4. The seven axes end effector articulating mechanism of claim 3 further including: a means for measuring linear position and movement of the movable linear and rotary motion actuated end effector attachment element relative to said elongated enclosure or platform; a means for measuring rotational position and movement of said attachment element relative to said enclosure or platform; a means for measuring rotational position and movement of said enclosure or platform relative to said geometrically parallel first linkages; a means for measuring the rotational position and movement of the said rotatable axle relative to the said frame yoke; a means for measuring the linear position and movement of each of the series of first, second, and third linear actuator stages serially and orthogonally connected, relative to the stationary reference fixture.

5. The seven axis end effector articulating mechanism of claim 4 further including: a human-operator or computer controller, whereby human or computer can direct the motion of said actuating mechanism.

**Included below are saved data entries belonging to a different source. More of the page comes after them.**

lemma jordan_mult_binom_vec:
  "jordan_block n 1 *\<^sub>v binom_vec n =
     binom_vec n - unit_vec n (n - 1) - jordan_block n 1 *\<^sub>v (binom_mat n *\<^sub>v unit_vec n (n - 1))"
proof (intro eq_vecI)
  fix i assume "i < dim_vec (binom_vec n - unit_vec n (n - 1) -
      jordan_block n 1 *\<^sub>v (binom_mat n *\<^sub>v unit_vec n (n - 1)))"
  then have i: "i < n" by simp
  then obtain m where n: "n = Suc m" by (cases n) auto
  let ?p = "binom_mat n *\<^sub>v unit_vec n (n - 1)"
  have pc: "?p \<in> carrier_vec n"
    by (rule mult_mat_vec_carrier[OF binom_mat_carrier unit_vec_carrier])
  have p: "?p $ k = - of_nat (m choose k)" if "k < n" for k
    using that n by simp
  have "(jordan_block n 1 *\<^sub>v ?p) $ i = ?p $ i + (if Suc i < n then ?p $ Suc i else 0)"
    using i pc by (rule jordan_block_one_mult_vec_index)
  moreover have "(jordan_block n 1 *\<^sub>v binom_vec n) $ i =
      binom_vec n $ i + (if Suc i < n then binom_vec n $ Suc i else 0)"
    using i by (intro jordan_block_one_mult_vec_index) auto
  ultimately show "(jordan_block n 1 *\<^sub>v binom_vec n) $ i =
      (binom_vec n - unit_vec n (n - 1) - jordan_block n 1 *\<^sub>v ?p) $ i"
    using i n p[of i] p[of "Suc i"] by (cases "i = m") auto
qed simp

lemma invertible_jordan_block_one: "invertible_mat (jordan_block n (1::complex))"
proof -
  let ?J = "jordan_block n (1::complex)" and ?P = "binom_mat n"
  have "?J * (?P * ?J * ?P) = ?J * ?P * ?J * ?P"
    by (simp add: assoc_mult_mat[of _ n n _ n _ n] mult_carrier_mat[of _ n n _ n])
  also have "\<dots> = 1\<^sub>m n"
    by (simp add: jordan_binom_jordan binom_mat_squared)
  finally have right: "?J * (?P * ?J * ?P) = 1\<^sub>m n" .
  have "?P * ?J * ?P * ?J = ?P * (?J * ?P * ?J)"
    by (simp add: assoc_mult_mat[of _ n n _ n _ n] mult_carrier_mat[of _ n n _ n])
  also have "\<dots> = 1\<^sub>m n"
    by (simp add: jordan_binom_jordan binom_mat_squared)
  finally show ?thesis
    using right by (intro invertible_matI[of _ n "?P * ?J * ?P"]) auto
qed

6. The seven axis end effector articulating mechanism of claim 5 wherein said human operator interface is one or more joysticks or control arrays.

7. The seven axis end effector articulating mechanism of claim 5 wherein said human operator interface is a haptic wrist.

8. The seven axis end effector articulating mechanism of claim 5 wherein any one or more degrees of freedom can be excluded without disturbing of the function of the remaining mechanism.

9. The seven axis end effector articulating mechanism of claim 5 wherein said human operator interface is a head tracker.